Acts 4:15. They conferred among themselves.
It has been asked, How were these apparently private deliberations known to St. Luke? Several probable answers have been given. Some of the priests who afterwards joined the little church (see chap. Acts 6:7) were doubtless present at the council. St. Paul himself, who had much to do with the composition of these memoirs of the Church of the first days, not improbably was a Sanhedrist.
Acts 4:17. Let us straitly threaten them, that they speak henceforth to no man in this name. The council could find no pretext for punishing them. The people, with the memory of the words and works of the Master of Peter and John vividly recalled to them by the work of mercy just done to the poor lame man, were clearly on the side of the accused apostles; so, with mere threats and a stern charge to bring no more before the people the name of that One they had condemned and murdered, but whose look and words haunted them with a nameless terror, they dismissed their prisoners. The expectation that the apostles would have been convicted under the statutes of the law based on Deuteronomy 13:0 (see note on Acts 4:7), was frustrated by the strong feeling shown by the people in favour of the apostles. This the Sanhedrim fairly confessed by their dread lest the knowledge of the new miracle done by the followers of Jesus should spread any farther. The same charge in former days had been made against the Lord, when He was accused of performing miracles by the power of Beelzebub; but then, as now, it fell, owing to the good sense of the people generally, who never for a moment could really bear such a supposition either in the case of Christ or His disciples.
Acts 4:19. In the sight of God. The Eternal is appealed to as the ever-present Judge, as sitting invisible in that august council before whom they were then pleading.

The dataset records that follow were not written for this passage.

(* Let $n\ge 2$, $L>0$, $T>0$, let $b_{ij}$ ($i\neq j$) be real numbers, and let $P=(P_1,\dots,P_n)$, $V=(V_1,\dots,V_n)$ with $P_i,V_i\in C^3([0,T]\times\mathbb T_L)$, $\mathbb T_L=\mathbb R/L\mathbb Z$, be a solution of $$\partial_tP_i+\partial_x(P_iV_i)=0,\qquad -\sum_{j=1}^nb_{ij}P_j(V_i-V_j)=\partial_x\log P_i-\frac{1}{\sum_{j=1}^nP_j}\sum_{j=1}^nP_j\partial_x\log P_j,\qquad \sum_{j=1}^nP_jV_j=0,$$ $i=1,\dots,n$, with $P_i(x,t)>0$ for all $x,t$ and $i$, and with $\sum_{j=1}^nP_j(x,0)=1$ for all $x$. For $N\ge1$, $h=L/N$, $\Delta t>0$ and $k\ge0$ with $(k+1)\Delta t\le T$, set $P^k_{i,\ell}=P_i(\ell h,k\Delta t)$ (cell-centered) and $V^{k}_{i,\ell+\frac12}=V_i((\ell+\frac12)h,k\Delta t)$ (edge-centered), and define the local truncation errors $$\tau^1_{i,\ell}=\frac{P^{k+1}_{i,\ell}-P^k_{i,\ell}}{\Delta t}+\big(d_h(\hat P^k_iV^{k+1}_i)\big)_\ell,$$ $$\tau^2_{i,\ell+\frac12}=\Big(D_h\log P^{k+1}_i-\frac{1}{\sum_{j=1}^n\hat P^k_j}\sum_{j=1}^n\hat P^k_jD_h\log P^{k+1}_j+\sum_{j=1}^nb_{ij}\hat P^k_j(V^{k+1}_i-V^{k+1}_j)\Big)_{\ell+\frac12},$$ $$\tau^3_{\ell+\frac12}=\sum_{i=1}^n\hat P^k_{i,\ell+\frac12}V^{k+1}_{i,\ell+\frac12}.$$ Then there is a constant $C>0$ depending on $(P,V)$ (but not on $h$, $\Delta t$, $k$, $i$, $\ell$) such that $$|\tau^1_{i,\ell}|,\ |\tau^2_{i,\ell+\frac12}|,\ |\tau^3_{\ell+\frac12}|\le C(\Delta t+h^2).$$
   Context: Difference operators on $N$-periodic grids: for edge-centered $\phi$, $(d_h\phi)_\ell=(\phi_{\ell+\frac12}-\phi_{\ell-\frac12})/h$; for cell-centered $f$, $(D_hf)_{\ell+\frac12}=(f_{\ell+1}-f_\ell)/h$ and $\hat f_{\ell+\frac12}=(f_\ell+f_{\ell+1})/2$. Products and logarithms are pointwise. *)

theory Defs
  imports "HOL-Analysis.Analysis"
begin

text \<open>Functions of (x,t) are represented as maps real \<times> real \<Rightarrow> real on the domain
  S = \<real> \<times> [0,T]; periodicity in x with period L encodes the torus.\<close>

definition dom_T :: "real \<Rightarrow> (real \<times> real) set" where
  "dom_T T = UNIV \<times> {0..T}"
lemma bourn_normal_times_identity:
  assumes "bourn_normal C m"
  shows "bourn_normal C m'"
proof -
  obtain R r1 r2 P p1 p2 mt where mono: "mono C m" and equiv: "equiv_rel C Y R r1 r2"
    and prP: "is_product C S S P p1 p2" and mt: "hom C mt P R" "r1 \<cdot> mt = m \<cdot> p1" "r2 \<cdot> mt = m \<cdot> p2"
    and pb: "is_pullback C r1 m P mt p1"
    using assms m unfolding bourn_normal_def by auto
  have R: "R \<in> cObj C" "r1 \<in> cArr C" "cDom C r1 = R" "cCod C r1 = Y" "r2 \<in> cArr C" "cDom C r2 = R" "cCod C r2 = Y"
    using equiv unfolding equiv_rel_def hom_def by (auto dest: arr_dom)
  note [simp] = product_arrs[OF prP]
  have mt_arr: "mt \<in> cArr C" "cDom C mt = P" "cCod C mt = R" using mt(1) unfolding hom_def by auto
  obtain Q t1 t2 where prQ: "is_product C T T Q t1 t2" by (rule product_exists[of T T]) auto
  note [simp] = product_arrs[OF prQ]
  obtain RR \<rho> \<sigma> where prR: "is_product C R Q RR \<rho> \<sigma>" by (rule product_exists[of R Q]) (auto simp: R)
  note [simp] = product_arrs[OF prR]
  obtain PP w1 w2 where prPP: "is_product C X X PP w1 w2" by (rule product_exists[of X X]) auto
  note [simp] = product_arrs[OF prPP]
  obtain r1' where r1': "hom C r1' RR Y'" "qY \<cdot> r1' = r1 \<cdot> \<rho>" "qT \<cdot> r1' = t1 \<cdot> \<sigma>"
    by (rule product_tuple[OF prY, of "r1 \<cdot> \<rho>" RR "t1 \<cdot> \<sigma>"]) (use R in \<open>auto simp: hom_def\<close>)
  obtain r2' where r2': "hom C r2' RR Y'" "qY \<cdot> r2' = r2 \<cdot> \<rho>" "qT \<cdot> r2' = t2 \<cdot> \<sigma>"
    by (rule product_tuple[OF prY, of "r2 \<cdot> \<rho>" RR "t2 \<cdot> \<sigma>"]) (use R in \<open>auto simp: hom_def\<close>)
  obtain hh where hh: "hom C hh PP P" "p1 \<cdot> hh = pS \<cdot> w1" "p2 \<cdot> hh = pS \<cdot> w2"
    by (rule product_tuple[OF prP, of "pS \<cdot> w1" PP "pS \<cdot> w2"]) (auto simp: hom_def)
  obtain kk where kk: "hom C kk PP Q" "t1 \<cdot> kk = pT \<cdot> w1" "t2 \<cdot> kk = pT \<cdot> w2"
    by (rule product_tuple[OF prQ, of "pT \<cdot> w1" PP "pT \<cdot> w2"]) (auto simp: hom_def)
  obtain mt' where mt'_tuple: "hom C mt' PP RR" "\<rho> \<cdot> mt' = mt \<cdot> hh" "\<sigma> \<cdot> mt' = kk"
    by (rule product_tuple[OF prR, of "mt \<cdot> hh" PP kk]) (use mt_arr hh kk in \<open>auto simp: hom_def\<close>)
  interpret bourn_witness_times_identity C Z S T X pS pT m Y Y' qY qT m'
      R r1 r2 Q t1 t2 RR \<rho> \<sigma> r1' r2' P p1 p2 mt PP w1 w2 hh kk mt'
    by unfold_locales (fact prY equiv prQ prR r1' r2' prP mt pb prPP hh kk mt'_tuple)+
  show ?thesis
    unfolding bourn_normal_def m'(2,3)
    using mono_times_identity[OF mono] equiv_rel_times_indiscrete prPP mt'_legs is_pullback_times_identity mt'_tuple(1)
    by blast
qed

Whether it be right to hearken unto you rather than unto God, judge ye. Acts 4:20. For we cannot but speak the things which we have seen and heard. The point of the apostle’s reply was, that they were not teaching the people as self-appointed Rabbis, but were only acting as witnesses of Jesus. Their words may be thus paraphrased: ‘The love of Christ constrains us; we cannot drown the voice we know to be God’s voice, which forbids us to suppress our message, as ye would have us do, which tells us to bear our public witness to those mighty works we saw and heard during our Master’s life on earth.’ The noble words of Socrates, perhaps the greatest of the Greek philosophers, when he was pleading before his judges, who condemned him to death, bear a striking resemblance to the bold, faithful utterance of these unlearned Galileans: ‘Athenians, I will obey God rather than you; and if you would let me go, and give me my life on condition that I should no more teach my fellow-citizens, sooner than agree to your proposal I would prefer to die a thousand times’ (Plato, Apol. p. 23 B).

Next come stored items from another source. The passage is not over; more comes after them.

lemma enat_le_Mtilde_iff: "enat k \<le> Mtilde j \<longleftrightarrow> (\<forall>m<k. walk j (m + 2) \<noteq> walk j m)"
proof (cases "\<exists>m. walk j (m + 2) = walk j m")
  case True
  let ?L = "LEAST m. walk j (m + 2) = walk j m"
  have "k \<le> ?L \<longleftrightarrow> (\<forall>m<k. walk j (m + 2) \<noteq> walk j m)"
  proof
    show "\<forall>m<k. walk j (m + 2) \<noteq> walk j m" if "k \<le> ?L"
      using that not_less_Least[where P = "\<lambda>m. walk j (m + 2) = walk j m"] by auto
    show "k \<le> ?L" if "\<forall>m<k. walk j (m + 2) \<noteq> walk j m"
      using that LeastI_ex[OF True] not_le by blast
  qed
  then show ?thesis
    unfolding Mtilde_def if_P[OF True] enat_ord_simps(1) .
qed (simp add: Mtilde_def)

section \<open>Orderings of i.i.d.\ atomless random variables\<close>

lemma (in prob_space) indep_sets_reindex:
  assumes "indep_sets F (e ` K)" "inj_on e K"
  shows "indep_sets (\<lambda>i. F (e i)) K"
proof (rule indep_setsI)
  show "F (e i) \<subseteq> events" if "i \<in> K" for i
    using assms(1) that by (auto simp: indep_sets_def)
next
  fix A L assume L: "L \<noteq> {}" "L \<subseteq> K" "finite L" and A: "\<forall>j\<in>L. A j \<in> F (e j)"
  define A' where "A' y = A (the_inv_into L e y)" for y
  have inj: "inj_on e L"
    using assms(2) L(2) by (rule inj_on_subset)
  have A'_e: "A' (e j) = A j" if "j \<in> L" for j
    using that inj by (simp add: A'_def the_inv_into_f_f)
  have "prob (\<Inter>y\<in>e ` L. A' y) = (\<Prod>y\<in>e ` L. prob (A' y))"
    using L A by (intro indep_setsD[OF assms(1)]) (auto simp: A'_e)
  then show "prob (\<Inter>j\<in>L. A j) = (\<Prod>j\<in>L. prob (A j))"
    using inj by (simp add: prod.reindex A'_e)
qed

lemma (in prob_space) indep_vars_reindex:
  assumes "indep_vars M' X (e ` K)" "inj_on e K"
  shows "indep_vars (\<lambda>i. M' (e i)) (\<lambda>i. X (e i)) K"
  using assms indep_sets_reindex[of "\<lambda>i. {X i -` A \<inter> space M |A. A \<in> sets (M' i)}" e K]
  by (auto simp: indep_vars_def2)

lemma pred_strict_mono_on_PiM:
  fixes I :: "'i::{countable, order} set"
  shows "Measurable.pred (PiM I (\<lambda>_. borel :: real measure)) (strict_mono_on I)"
proof -
  have "Measurable.pred (PiM I (\<lambda>_. borel :: real measure)) (\<lambda>y. y r < y s)" if "r \<in> I" "s \<in> I" for r s
    by (intro borel_measurable_pred_less measurable_component_singleton that)
  then show ?thesis
    unfolding strict_mono_on_def by (intro pred_intros_countable pred_intros_imp') auto
qed

locale iid_continuous = prob_space M for M :: "'a measure" +
  fixes X :: "'i \<Rightarrow> 'a \<Rightarrow> real" and D :: "real measure"
  assumes indep: "prob_space.indep_vars M (\<lambda>_. borel) X UNIV"
    and distr_X: "\<And>i. distr M borel (X i) = D"
    and D_no_atoms: "\<And>x. emeasure D {x} = 0"
begin

lemma measurable_X [measurable]: "X i \<in> borel_measurable M"
  using indep by (auto simp: indep_vars_def)

lemma distr_restrict_eq_PiM:
  assumes "inj_on e I" "I \<noteq> {}"
  shows "distr M (PiM I (\<lambda>_. borel)) (\<lambda>\<omega>. \<lambda>i\<in>I. X (e i) \<omega>) = PiM I (\<lambda>_. D)"
proof -
  have "indep_vars (\<lambda>_. borel) (\<lambda>i. X (e i)) I"
    using indep_vars_reindex[OF indep_vars_subset[OF indep] assms(1)] by simp
  then show ?thesis
    using assms(2) by (subst (asm) indep_vars_iff_distr_eq_PiM) (simp_all add: distr_X)
qed

lemma AE_X_neq:
  assumes "a \<noteq> b"
  shows "AE \<omega> in M. X a \<omega> \<noteq> X b \<omega>"
proof -
  have "inj (case_bool a b)"
    using assms by (auto simp: inj_on_def split: bool.split)
  from indep_vars_reindex[OF indep_vars_subset[OF indep subset_UNIV] this]
  have "indep_vars (\<lambda>_. borel) (\<lambda>i. X (case_bool a b i)) UNIV"
    by simp
  then have "indep_var borel (X a) borel (X b)"
    unfolding indep_var_def by (rule indep_vars_cong[THEN iffD1, rotated -1]) (auto split: bool.split)
  then have joint: "distr M (borel \<Otimes>\<^sub>M borel) (\<lambda>\<omega>. (X a \<omega>, X b \<omega>)) = D \<Otimes>\<^sub>M D"
    by (simp add: indep_var_distribution_eq distr_X)
  interpret D: prob_space D
    using prob_space_distr[of "X a" borel] by (simp add: distr_X)
  have sets_D: "sets D = sets borel"
    using sets_distr[of M borel "X a"] by (simp add: distr_X)
  let ?diag = "{p :: real \<times> real. fst p = snd p}"
  have "{p \<in> space (borel \<Otimes>\<^sub>M borel). fst p = (snd p :: real)} \<in> sets (borel \<Otimes>\<^sub>M borel)"
    by measurable
  then have diag: "?diag \<in> sets (D \<Otimes>\<^sub>M D)"
    using sets_pair_measure_cong[OF sets_D sets_D] by (simp add: space_pair_measure)
  have "emeasure (D \<Otimes>\<^sub>M D) ?diag = (\<integral>\<^sup>+x. emeasure D (Pair x -` ?diag) \<partial>D)"
    using diag by (rule D.emeasure_pair_measure_alt)
  also have "\<dots> = 0"
    by (simp add: vimage_def D_no_atoms)
  finally have "AE p in D \<Otimes>\<^sub>M D. fst p \<noteq> snd p"
    using diag by (intro AE_I'[of ?diag]) auto
  then show ?thesis
    using sets_D by (subst (asm) joint[symmetric], subst (asm) AE_distr_iff) auto
qed

lemma AE_inj_on:
  assumes "inj_on e I" "countable I"
  shows "AE \<omega> in M. inj_on (\<lambda>i. X (e i) \<omega>) I"
proof -
  have "AE \<omega> in M. \<forall>a\<in>I. \<forall>b\<in>I. a \<noteq> b \<longrightarrow> X (e a) \<omega> \<noteq> X (e b) \<omega>"
    using assms by (intro AE_ball_countable' AE_impI AE_X_neq) (auto dest: inj_onD)
  then show ?thesis
    by eventually_elim (auto simp: inj_on_def)
qed

lemma prob_strict_mono_on_eq_PiM:
  fixes n :: nat
  assumes "inj_on e {..<n}" "n \<noteq> 0"
  shows "prob {\<omega> \<in> space M. strict_mono_on {..<n} (\<lambda>i. X (e i) \<omega>)}
    = measure (PiM {..<n} (\<lambda>_. D)) {y \<in> space (PiM {..<n} (\<lambda>_. borel)). strict_mono_on {..<n} y}"
proof -
  let ?P = "PiM {..<n} (\<lambda>_. borel :: real measure)"
  let ?Y = "\<lambda>\<omega>. \<lambda>i\<in>{..<n}. X (e i) \<omega>"
  let ?S = "{y \<in> space ?P. strict_mono_on {..<n} y}"
  have "?Y \<in> M \<rightarrow>\<^sub>M ?P"
    by measurable
  moreover have "?S \<in> sets ?P"
    by (rule predE[OF pred_strict_mono_on_PiM])
  moreover have "{\<omega> \<in> space M. strict_mono_on {..<n} (\<lambda>i. X (e i) \<omega>)} = ?Y -` ?S \<inter> space M"
    by (auto simp: strict_mono_on_def space_PiM)
  ultimately have "prob {\<omega> \<in> space M. strict_mono_on {..<n} (\<lambda>i. X (e i) \<omega>)} = measure (distr M ?P ?Y) ?S"
    by (simp add: measure_distr)
  also have "distr M ?P ?Y = PiM {..<n} (\<lambda>_. D)"
    using assms by (simp add: distr_restrict_eq_PiM lessThan_empty_iff)
  finally show ?thesis .
qed

lemma prob_strict_mono_on:
  assumes e: "inj_on e {..<n}"
  shows "prob {\<omega> \<in> space M. strict_mono_on {..<n} (\<lambda>i. X (e i) \<omega>)} = 1 / fact n"
proof (cases "n = 0")
  case True
  then show ?thesis
    by (simp add: strict_mono_on_def prob_space)
next
  case False
  define c where
    "c = measure (PiM {..<n} (\<lambda>_. D)) {y \<in> space (PiM {..<n} (\<lambda>_. borel)). strict_mono_on {..<n} y}"
  define E where "E \<sigma> = {\<omega> \<in> space M. strict_mono_on {..<n} (\<lambda>i. X (e (\<sigma> i)) \<omega>)}" for \<sigma>
  define Perms where "Perms = {\<sigma>. \<sigma> permutes {..<n}}"
  have E_events: "E \<sigma> \<in> events" for \<sigma>
    unfolding E_def strict_mono_on_def by measurable
  have prob_E: "prob (E \<sigma>) = c" if "\<sigma> \<in> Perms" for \<sigma>
  proof -
    have "inj_on (e \<circ> \<sigma>) {..<n}"
      using that e by (simp add: Perms_def comp_inj_on permutes_inj_on permutes_image)
    from prob_strict_mono_on_eq_PiM[OF this False] show ?thesis
      by (simp add: E_def c_def)
  qed
  have "disjoint_family_on E Perms"
    by (auto simp: disjoint_family_on_def E_def Perms_def o_def
        dest: permutes_strict_mono_on_unique[where x = "\<lambda>i. X (e i) _"])
  moreover have "finite Perms"
    by (simp add: Perms_def finite_permutations)
  ultimately have "prob (\<Union>\<sigma>\<in>Perms. E \<sigma>) = (\<Sum>\<sigma>\<in>Perms. prob (E \<sigma>))"
    using E_events by (intro finite_measure_finite_Union) auto
  also have "\<dots> = fact n * c"
    using prob_E by (simp add: Perms_def card_permutations)
  finally have "prob (\<Union>\<sigma>\<in>Perms. E \<sigma>) = fact n * c" .
  moreover have "AE \<omega> in M. \<omega> \<in> (\<Union>\<sigma>\<in>Perms. E \<sigma>)"
    using AE_inj_on[OF e countable_finite[OF finite_lessThan]] AE_space
  proof eventually_elim
    case (elim \<omega>)
    then obtain \<sigma> where "\<sigma> permutes {..<n}" "strict_mono_on {..<n} ((\<lambda>i. X (e i) \<omega>) \<circ> \<sigma>)"
      by (metis ex_permutes_strict_mono_on)
    with elim show ?case
      by (auto simp: E_def Perms_def o_def)
  qed
  then have "prob (\<Union>\<sigma>\<in>Perms. E \<sigma>) = 1"
    using E_events \<open>finite Perms\<close> by (subst AE_in_set_eq_1[symmetric]) auto
  moreover have "id \<in> Perms"
    by (simp add: Perms_def permutes_id)
  ultimately show ?thesis
    using prob_E[of id] by (simp add: E_def field_simps)
qed

lemma prob_mono_on:
  assumes e: "inj_on e {..<n}"
  shows "prob {\<omega> \<in> space M. mono_on {..<n} (\<lambda>i. X (e i) \<omega>)} = 1 / fact n"
proof -
  have "AE \<omega> in M. mono_on {..<n} (\<lambda>i. X (e i) \<omega>) \<longleftrightarrow> strict_mono_on {..<n} (\<lambda>i. X (e i) \<omega>)"
    using AE_inj_on[OF e countable_finite[OF finite_lessThan]]
    by eventually_elim (auto intro: mono_imp_strict_mono strict_mono_on_imp_mono_on)
  then have "prob {\<omega> \<in> space M. mono_on {..<n} (\<lambda>i. X (e i) \<omega>)}
      = prob {\<omega> \<in> space M. strict_mono_on {..<n} (\<lambda>i. X (e i) \<omega>)}"
    by (intro measure_eq_AE) (auto simp: strict_mono_on_def mono_on_def monotone_on_def)
  then show ?thesis
    using prob_strict_mono_on[OF e] by simp
qed

end

section \<open>The distribution of \<open>Mtilde\<close>\<close>

lemma two_div_fact_diff: "2 / fact (k + 2) - 2 / fact (k + 3) = 2 * (real k + 2) / fact (k + 3)"
proof -
  define F where "F = (fact (k + 2) :: real)"
  have "F > 0"
    by (simp add: F_def)
  have "2 / F - 2 / (c * F) = 2 * (c - 1) / (c * F)" if "c \<noteq> 0" for c
    using that \<open>F > 0\<close> by (simp add: field_simps)
  from this[of "real k + 3"]
  have "2 / F - 2 / ((real k + 3) * F) = 2 * (real k + 2) / ((real k + 3) * F)"
    by simp
  moreover have "fact (k + 3) = (real k + 3) * F"
    by (simp add: F_def fact_Suc numeral_3_eq_3)
  ultimately show ?thesis
    by (simp only: F_def[symmetric])
qed

locale iid_couplings = iid_continuous M J D
  for M :: "'a measure" and J :: "int \<Rightarrow> 'a \<Rightarrow> real" and D :: "real measure"
begin

lemma prob_rightward: "prob {\<omega> \<in> space M. rightward k (\<lambda>e. J e \<omega>)} = 1 / fact (k + 2)"
proof -
  have "inj_on (\<lambda>i. int i - 1) {..<k + 2}"
    by (auto simp: inj_on_def)
  then show ?thesis
    unfolding rightward_iff_strict_mono_on by (rule prob_strict_mono_on)
qed

lemma prob_leftward: "prob {\<omega> \<in> space M. leftward k (\<lambda>e. J e \<omega>)} = 1 / fact (k + 2)"
proof -
  have "inj_on (\<lambda>i. - int i) {..<k + 2}"
    by (auto simp: inj_on_def)
  then show ?thesis
    unfolding leftward_iff_mono_on by (rule prob_mono_on)
qed

lemma Mtilde_ge_eq:
  "{\<omega> \<in> space M. enat k \<le> Mtilde (\<lambda>e. J e \<omega>)}
    = {\<omega> \<in> space M. rightward k (\<lambda>e. J e \<omega>)} \<union> {\<omega> \<in> space M. leftward k (\<lambda>e. J e \<omega>)}"
  using enat_le_Mtilde_iff no_backtrack_iff by blast

lemma sets_rightward: "{\<omega> \<in> space M. rightward k (\<lambda>e. J e \<omega>)} \<in> events"
  unfolding rightward_def by measurable

lemma sets_leftward: "{\<omega> \<in> space M. leftward k (\<lambda>e. J e \<omega>)} \<in> events"
  unfolding leftward_def by measurable

lemma sets_Mtilde_ge: "{\<omega> \<in> space M. enat k \<le> Mtilde (\<lambda>e. J e \<omega>)} \<in> events"
  unfolding Mtilde_ge_eq using sets_rightward sets_leftward by (rule sets.Un)

lemma prob_Mtilde_ge: "prob {\<omega> \<in> space M. enat k \<le> Mtilde (\<lambda>e. J e \<omega>)} = 2 / fact (k + 2)"
proof -
  have "prob {\<omega> \<in> space M. enat k \<le> Mtilde (\<lambda>e. J e \<omega>)}
      = prob {\<omega> \<in> space M. rightward k (\<lambda>e. J e \<omega>)} + prob {\<omega> \<in> space M. leftward k (\<lambda>e. J e \<omega>)}"
    unfolding Mtilde_ge_eq using sets_rightward sets_leftward rightward_imp_not_leftward
    by (intro finite_measure_Union) blast+
  then show ?thesis
    by (simp add: prob_rightward prob_leftward)
qed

The Answer of Peter and John to the Threats of the Sanhedrim, 19-22.
They say obedience must be shown to God rather than to men; as for them, they were only witnesses. After being again threatened, they are freed from custody.
Acts 4:21. Finding nothing how they might punish them, because of the people. The evident good-will of the people no doubt procured the dismissal of the apostles this time without punishment.
For all glorified God for that which was done. No penalty, such as scourging or imprisonment, would then have been tolerated by popular sentiment. But besides this public feeling working in favour of the disciples of Jesus, it is more than probable that in the Sanhedrim itself several members secretly favoured the new sect. Some have supposed that Nicodemus and Joseph of Arimathea were members of this council. That the powerful R. Gamaliel, one certainly of the most influential of the Sanhedrim leaders, was disposed to favour them we know from Acts 5:34.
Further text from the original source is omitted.